*Task prompt*: Go through the entries one line at a time, and gather every line that has the word "cases".

*Data under study*:
[Start of Attachment]
(* Every irreducible $\lambda$-quiddity over the ring $(\mathbb{Z}/2\mathbb{Z})\times(\mathbb{Z}/4\mathbb{Z})$ has size $3$, $4$ or $6$.
   Context: For $a_1,\ldots,a_n$ in a commutative unital ring $A$, $M_n(a_1,\ldots,a_n)=\begin{pmatrix}a_n&-1\\1&0\end{pmatrix}\cdots\begin{pmatrix}a_1&-1\\1&0\end{pmatrix}$. An $n$-tuple $(a_1,\ldots,a_n)\in A^n$ is a $\lambda$-quiddity over $A$ of size $n$ if $M_n(a_1,\ldots,a_n)=\pm\mathrm{Id}$. For $(a_1,\ldots,a_n)\in A^n$, $(b_1,\ldots,b_m)\in A^m$, define $(a_1,\ldots,a_n)\oplus(b_1,\ldots,b_m)=(a_1+b_m,a_2,\ldots,a_{n-1},a_n+b_1,b_2,\ldots,b_{m-1})$. Write $(a_1,\ldots,a_n)\sim(b_1,\ldots,b_n)$ if $(b_1,\ldots,b_n)$ is obtained from $(a_1,\ldots,a_n)$ or from $(a_n,\ldots,a_1)$ by a cyclic permutation. A $\lambda$-quiddity $(c_1,\ldots,c_n)$ with $n\ge3$ is reducible if there exist a $\lambda$-quiddity $(b_1,\ldots,b_l)$ and a tuple $(a_1,\ldots,a_m)$ with $l,m\ge3$ and $(c_1,\ldots,c_n)\sim(a_1,\ldots,a_m)\oplus(b_1,\ldots,b_l)$; it is irreducible otherwise (by convention $(0,0)$ is reducible). *)

theory Defs
  imports Main "HOL-Library.Numeral_Type" "HOL-Library.Product_Plus"
begin

instantiation prod :: (times, times) times
begin
definition times_prod_def: "x * y = (fst x * fst y, snd x * snd y)"
instance ..
end

instantiation prod :: (one, one) one
begin
definition one_prod_def: "1 = (1, 1)"
instance ..
end

lemma fst_mult_prod [simp]: "fst (x * y) = fst x * fst y"
  and snd_mult_prod [simp]: "snd (x * y) = snd x * snd y"
  and fst_one_prod [simp]: "fst (1 :: 'a::one \<times> 'b::one) = 1"
  and snd_one_prod [simp]: "snd (1 :: 'a::one \<times> 'b::one) = 1"
  by (simp_all add: times_prod_def one_prod_def)

instance prod :: (comm_ring_1, comm_ring_1) comm_ring_1
  by standard (auto simp: prod_eq_iff algebra_simps)

section \<open>2x2 matrices over a commutative ring, as tuples (a11, a12, a21, a22)\<close>

type_synonym 'a mat2 = "'a \<times> 'a \<times> 'a \<times> 'a"

definition mat2_mult :: "'a::comm_ring_1 mat2 \<Rightarrow> 'a mat2 \<Rightarrow> 'a mat2" where
  "mat2_mult A B = (case A of (a, b, c, d) \<Rightarrow> case B of (e, f, g, h) \<Rightarrow>
      (a * e + b * g, a * f + b * h, c * e + d * g, c * f + d * h))"

definition mat2_id :: "'a::comm_ring_1 mat2" where
  "mat2_id = (1, 0, 0, 1)"

definition mat2_elem :: "'a::comm_ring_1 \<Rightarrow> 'a mat2" where
  "mat2_elem a = (a, -1, 1, 0)"

text \<open>M_n(a_1,...,a_n) = elem(a_n) * ... * elem(a_1); the list [a_1,...,a_n] is the tuple.\<close>
definition Mn :: "'a::comm_ring_1 list \<Rightarrow> 'a mat2" where
  "Mn as = fold (\<lambda>a M. mat2_mult (mat2_elem a) M) as mat2_id"

definition lambda_quiddity :: "'a::comm_ring_1 list \<Rightarrow> bool" where
  "lambda_quiddity c \<longleftrightarrow> length c \<ge> 1 \<and>
     (Mn c = mat2_id \<or> Mn c = (-1, 0, 0, -1))"

text \<open>(a_1..a_n) \<oplus> (b_1..b_m) = (a_1+b_m, a_2, ..., a_{n-1}, a_n+b_1, b_2, ..., b_{m-1})
  (used only for n, m \<ge> 3).\<close>
definition qsum :: "'a::comm_ring_1 list \<Rightarrow> 'a list \<Rightarrow> 'a list" where
  "qsum a b = [a ! 0 + b ! (length b - 1)] @ take (length a - 2) (drop 1 a)
      @ [a ! (length a - 1) + b ! 0] @ take (length b - 2) (drop 1 b)"

definition qequiv :: "'a list \<Rightarrow> 'a list \<Rightarrow> bool" where
  "qequiv a b \<longleftrightarrow> (\<exists>k. b = rotate k a \<or> b = rotate k (rev a))"

definition reducible_quiddity :: "'a::comm_ring_1 list \<Rightarrow> bool" where
  "reducible_quiddity c \<longleftrightarrow> c = [0, 0] \<or>
     (length c \<ge> 3 \<and> (\<exists>a b. lambda_quiddity b \<and> length b \<ge> 3 \<and> length a \<ge> 3 \<and>
        qequiv c (qsum a b)))"

definition irreducible_quiddity :: "'a::comm_ring_1 list \<Rightarrow> bool" where
  "irreducible_quiddity c \<longleftrightarrow> lambda_quiddity c \<and> \<not> reducible_quiddity c"

end

theory Submission imports Defs begin

text \<open>
  A \<lambda>-quiddity c is reducible as soon as some nonempty cyclic factor w of c, whose
  complement has at least three entries, is extendable, i.e. x # w @ [y] is a \<lambda>-quiddity
  for suitable x, y.  Over any ring the entries \<plusminus>1 are extendable (size-3 quiddities
  (1,1,1), (-1,-1,-1)), and so is every pair u, v with u v \<in> {0, 2} (size-4 quiddities
  (a,b,-a,-b) with a b = 0 and (a,b,a,b) with a b = 2).  In (\<int>/2) \<times> (\<int>/4), two adjacent
  entries avoiding both situations lie both in {0} \<times> {1,3} or both in {1} \<times> {0,2}.
  So all entries of an irreducible quiddity of size 5 lie in one of these classes, which is
  impossible already for the first components; in size at least 7 the first four entries lie
  in one class, and a direct check shows that such words of length 4 are extendable.  Size 1
  is impossible and size 2 forces (0,0), reducible by convention.
\<close>

lemmas Mn_simps = Mn_def mat2_mult_def mat2_elem_def mat2_id_def

lemma lambda_quiddity_ones: "lambda_quiddity [1, 1, 1 :: 'a::comm_ring_1]"
  and lambda_quiddity_minus_ones: "lambda_quiddity [-1, -1, -1 :: 'a::comm_ring_1]"
  by (simp_all add: lambda_quiddity_def Mn_simps)

lemma lambda_quiddity_antiperiodic:
  fixes a b :: "'a::comm_ring_1"
  assumes "a * b = 0"
  shows "lambda_quiddity [a, b, -a, -b]"
  using assms by (simp add: lambda_quiddity_def Mn_simps algebra_simps mult.commute[of b a])

lemma lambda_quiddity_periodic:
  fixes a b :: "'a::comm_ring_1"
  assumes "a * b = 2"
  shows "lambda_quiddity [a, b, a, b]"
  using assms by (simp add: lambda_quiddity_def Mn_simps algebra_simps mult.commute[of b a])

lemma not_lambda_quiddity_singleton: "\<not> lambda_quiddity [a :: 'a::comm_ring_1]"
  by (simp add: lambda_quiddity_def Mn_simps)

lemma lambda_quiddity_pair_zero:
  "lambda_quiddity [a, b :: 'a::comm_ring_1] \<Longrightarrow> a = 0 \<and> b = 0"
  by (auto simp add: lambda_quiddity_def Mn_simps)

abbreviation mat2_fst :: "('a \<times> 'b) mat2 \<Rightarrow> 'a mat2" where
  "mat2_fst \<equiv> map_prod fst (map_prod fst (map_prod fst fst))"

lemma Mn_map_fst:
  fixes c :: "('a::comm_ring_1 \<times> 'b::comm_ring_1) list"
  shows "Mn (map fst c) = mat2_fst (Mn c)"
proof -
  have step: "mat2_fst (mat2_mult (mat2_elem a) M) = mat2_mult (mat2_elem (fst a)) (mat2_fst M)"
    for a and M :: "('a \<times> 'b) mat2"
    by (cases a; cases M) (auto simp: mat2_mult_def mat2_elem_def)
  have "fold (\<lambda>a M. mat2_mult (mat2_elem a) M) (map fst c) (mat2_fst M)
      = mat2_fst (fold (\<lambda>a M. mat2_mult (mat2_elem a) M) c M)" for M
    by (induction c arbitrary: M) (simp_all flip: step)
  from this[of mat2_id] show ?thesis by (simp add: Mn_def mat2_id_def)
qed

lemma lambda_quiddity_map_fst:
  fixes c :: "('a::comm_ring_1 \<times> 'b::comm_ring_1) list"
  assumes "lambda_quiddity c"
  shows "lambda_quiddity (map fst c)"
  using assms by (auto simp: lambda_quiddity_def Mn_map_fst mat2_id_def)

definition extendable :: "'a::comm_ring_1 list \<Rightarrow> bool" where
  "extendable w \<longleftrightarrow> (\<exists>x y. lambda_quiddity (x # w @ [y]))"

lemma extendable_singleton:
  fixes a :: "'a::comm_ring_1"
  assumes "a = 1 \<or> a = -1"
  shows "extendable [a]"
  using assms lambda_quiddity_ones lambda_quiddity_minus_ones
  unfolding extendable_def by fastforce

lemma extendable_pair:
  fixes a b :: "'a::comm_ring_1"
  assumes "a * b = 0 \<or> a * b = 2"
  shows "extendable [a, b]"
proof -
  have "lambda_quiddity [-b, a, b, -a] \<or> lambda_quiddity [b, a, b, a]"
    using assms lambda_quiddity_antiperiodic[of "-b" a] lambda_quiddity_periodic[of b a]
    by (auto simp: mult.commute)
  then show ?thesis unfolding extendable_def by fastforce
qed

text \<open>The second summand of the decomposition is x # w @ [y]; the first one is the
  complement of w with its two end entries corrected by -y and -x.\<close>
lemma reducible_quiddity_if_extendable_factor:
  fixes w :: "'a::comm_ring_1 list"
  assumes "extendable w" and "w \<noteq> []" and "length u + length v \<ge> 3"
  shows "reducible_quiddity (u @ w @ v)"
proof -
  obtain x y where q: "lambda_quiddity (x # w @ [y])"
    using assms(1) unfolding extendable_def by blast
  obtain r0 mid rl where r: "v @ u = r0 # mid @ [rl]"
  proof (cases "v @ u" rule: rev_cases)
    case (snoc ys rl)
    have "length ys + 1 = length u + length v" using arg_cong[OF snoc, of length] by simp
    with assms(3) have "ys \<noteq> []" by auto
    then obtain r0 mid where "ys = r0 # mid" by (cases ys) auto
    with snoc that show ?thesis by simp
  qed (use assms(3) in auto)
  define a where "a = (r0 - y) # mid @ [rl - x]"
  define b where "b = x # w @ [y]"
  have "qsum a b = v @ u @ w"
    using r by (simp add: qsum_def a_def b_def nth_append)
  also have "\<dots> = rotate (length (u @ w)) ((u @ w) @ v)"
    by (metis rotate_append append_assoc)
  finally have "qequiv (u @ w @ v) (qsum a b)"
    unfolding qequiv_def by auto
  moreover have "length a \<ge> 3" using arg_cong[OF r, of length] assms(3) by (simp add: a_def)
  moreover have "length b \<ge> 3" using assms(2) by (cases w) (auto simp: b_def)
  ultimately show ?thesis
    using q assms(3) unfolding reducible_quiddity_def b_def by auto
qed

lemma mult_Pair [simp]: "(a, b) * (c, d) = (a * c, b * d)"
  by (simp add: times_prod_def)

lemma numeral_Pair: "(numeral k :: 'a::comm_ring_1 \<times> 'b::comm_ring_1) = (numeral k, numeral k)"
  by (induction k) (simp_all only: numeral_One numeral_Bit0 numeral_Bit1 one_prod_def add_Pair)

lemmas Pair_ring_simps = numeral_Pair one_prod_def zero_prod_def

lemma elements_2x4:
  fixes u :: "2 \<times> 4"
  shows "u \<in> {(0, 0), (0, 1), (0, 2), (0, 3), (1, 0), (1, 1), (1, 2), (1, 3)}"
proof -
  have "(a :: 2) \<in> {0, 1}" for a
  proof (cases a)
    case (of_int z)
    then have "z = 0 \<or> z = 1" by auto
    with of_int show ?thesis by auto
  qed
  moreover have "(b :: 4) \<in> {0, 1, 2, 3}" for b
  proof (cases b)
    case (of_int z)
    then have "z = 0 \<or> z = 1 \<or> z = 2 \<or> z = 3" by auto
    with of_int show ?thesis by auto
  qed
  ultimately show ?thesis by (cases u) auto
qed

lemma same_class_if_not_extendable:
  fixes u v :: "2 \<times> 4"
  assumes "\<not> extendable [u]" "\<not> extendable [v]" "\<not> extendable [u, v]"
  shows "{u, v} \<subseteq> {0} \<times> {1, 3} \<or> {u, v} \<subseteq> {1} \<times> {0, 2}"
proof -
  have "u \<notin> {1, -1}" "v \<notin> {1, -1}" "u * v \<notin> {0, 2}"
    using assms extendable_singleton extendable_pair by blast+
  then show ?thesis
    using elements_2x4[of u] elements_2x4[of v] unfolding insert_iff empty_iff
    by (elim disjE) (simp_all add: Pair_ring_simps)
qed

lemma same_class_if_short_factors_not_extendable:
  fixes w :: "(2 \<times> 4) list"
  assumes "\<And>u x v. w = u @ x @ v \<Longrightarrow> x \<noteq> [] \<Longrightarrow> length x \<le> 2 \<Longrightarrow> \<not> extendable x"
    and "length w \<ge> 2"
  shows "set w \<subseteq> {0} \<times> {1, 3} \<or> set w \<subseteq> {1} \<times> {0, 2}"
  using assms
proof (induction w rule: induct_list012)
  case (3 a b w)
  have ab: "{a, b} \<subseteq> {0} \<times> {1, 3} \<or> {a, b} \<subseteq> {1} \<times> {0, 2}"
    using same_class_if_not_extendable 3(3)[of "[]" "[a]" "b # w"] 3(3)[of "[a]" "[b]" w]
      3(3)[of "[]" "[a, b]" w]
    by auto
  show ?case
  proof (cases w)
    case Nil
    with ab show ?thesis by simp
  next
    case Cons
    have "set (b # w) \<subseteq> {0} \<times> {1, 3} \<or> set (b # w) \<subseteq> {1} \<times> {0, 2}"
      using 3(2) 3(3)[of "a # _"] Cons by auto
    with ab show ?thesis by auto
  qed
qed simp_all

lemma extendable_four_same_class:
  fixes p q s t :: "2 \<times> 4"
  assumes "{p, q, s, t} \<subseteq> {0} \<times> {1, 3} \<or> {p, q, s, t} \<subseteq> {1} \<times> {0, 2}"
  shows "extendable [p, q, s, t]"
proof -
  have "{p, q, s, t} \<subseteq> {0} \<times> {1, 3} \<Longrightarrow>
      \<exists>x \<in> {0} \<times> {1, 3}. \<exists>y \<in> {0} \<times> {1, 3}. lambda_quiddity [x, p, q, s, t, y]"
    and "{p, q, s, t} \<subseteq> {1} \<times> {0, 2} \<Longrightarrow>
      \<exists>x \<in> {1} \<times> {0, 2}. \<exists>y \<in> {1} \<times> {0, 2}. lambda_quiddity [x, p, q, s, t, y]"
    unfolding insert_subset
    by (elim conjE; simp; elim disjE; simp add: lambda_quiddity_def Mn_simps Pair_ring_simps)+
  with assms have "\<exists>x y. lambda_quiddity [x, p, q, s, t, y]" by blast
  then show ?thesis unfolding extendable_def by simp
qed

lemma not_lambda_quiddity_five_same_class:
  fixes w :: "(2 \<times> 4) list"
  assumes "length w = 5" and "set w \<subseteq> {0} \<times> {1, 3} \<or> set w \<subseteq> {1} \<times> {0, 2}"
  shows "\<not> lambda_quiddity w"
proof
  assume "lambda_quiddity w"
  then have "lambda_quiddity (map fst w)" by (rule lambda_quiddity_map_fst)
  moreover have "map fst w = replicate 5 0 \<or> map fst w = replicate 5 1"
  proof -
    have "(\<forall>x \<in> set w. fst x = 0) \<or> (\<forall>x \<in> set w. fst x = 1)"
      using assms(2) by auto
    then show ?thesis using assms(1) by (auto intro: replicate_eqI)
  qed
  ultimately show False by (auto simp: lambda_quiddity_def Mn_simps numeral_eq_Suc)
qed

theorem proposition4p3:
  fixes c :: "(2 \<times> 4) list"
  assumes "irreducible_quiddity c"
  shows "length c \<in> {3, 4, 6}"
proof (rule ccontr)
  assume length_c: "length c \<notin> {3, 4, 6}"
  have quid: "lambda_quiddity c" and not_red: "\<not> reducible_quiddity c"
    using assms unfolding irreducible_quiddity_def by auto
  have no_ext: "\<not> extendable x"
    if "c = u @ x @ v" "x \<noteq> []" "length u + length v \<ge> 3" for u x v
    using not_red reducible_quiddity_if_extendable_factor that by blast
  consider "length c = 1" | "length c = 2" | "length c = 5" | "length c \<ge> 7"
    using length_c quid unfolding lambda_quiddity_def by force
  then show False
  proof cases
    case 1
    then obtain a where "c = [a]" by (cases c) auto
    with quid show False using not_lambda_quiddity_singleton by blast
  next
    case 2
    then obtain a b where "c = [a, b]" by (cases c; cases "tl c") auto
    with quid not_red show False
      using lambda_quiddity_pair_zero unfolding reducible_quiddity_def by blast
  next
    case 3
    then have "set c \<subseteq> {0} \<times> {1, 3} \<or> set c \<subseteq> {1} \<times> {0, 2}"
      using no_ext
      by (intro same_class_if_short_factors_not_extendable) (auto dest: arg_cong[of _ _ length])
    with 3 quid show False using not_lambda_quiddity_five_same_class by blast
  next
    case 4
    then obtain p q s t r where c: "c = [p, q, s, t] @ r" and "length r \<ge> 3"
      by (cases c; cases "tl c"; cases "tl (tl c)"; cases "tl (tl (tl c))") auto
    then have "set [p, q, s, t] \<subseteq> {0} \<times> {1, 3} \<or> set [p, q, s, t] \<subseteq> {1} \<times> {0, 2}"
      using no_ext[of _ _ "_ @ r"]
      by (intro same_class_if_short_factors_not_extendable) (auto dest: arg_cong[of _ _ length])
    then have "extendable [p, q, s, t]" by (intro extendable_four_same_class) simp
    with no_ext[of "[]" _ r] c \<open>length r \<ge> 3\<close> show False by simp
  qed
qed

end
[End of Attachment]
*Solution for this problem*:
    by (cases a; cases M) (auto simp: mat2_mult_def mat2_elem_def)
  proof (cases "v @ u" rule: rev_cases)
    then obtain r0 mid where "ys = r0 # mid" by (cases ys) auto
  moreover have "length b \<ge> 3" using assms(2) by (cases w) (auto simp: b_def)
  proof (cases a)
  proof (cases b)
  ultimately show ?thesis by (cases u) auto
  proof (cases w)
  proof cases
    then obtain a where "c = [a]" by (cases c) auto
    then obtain a b where "c = [a, b]" by (cases c; cases "tl c") auto
      by (cases c; cases "tl c"; cases "tl (tl c)"; cases "tl (tl (tl c))") auto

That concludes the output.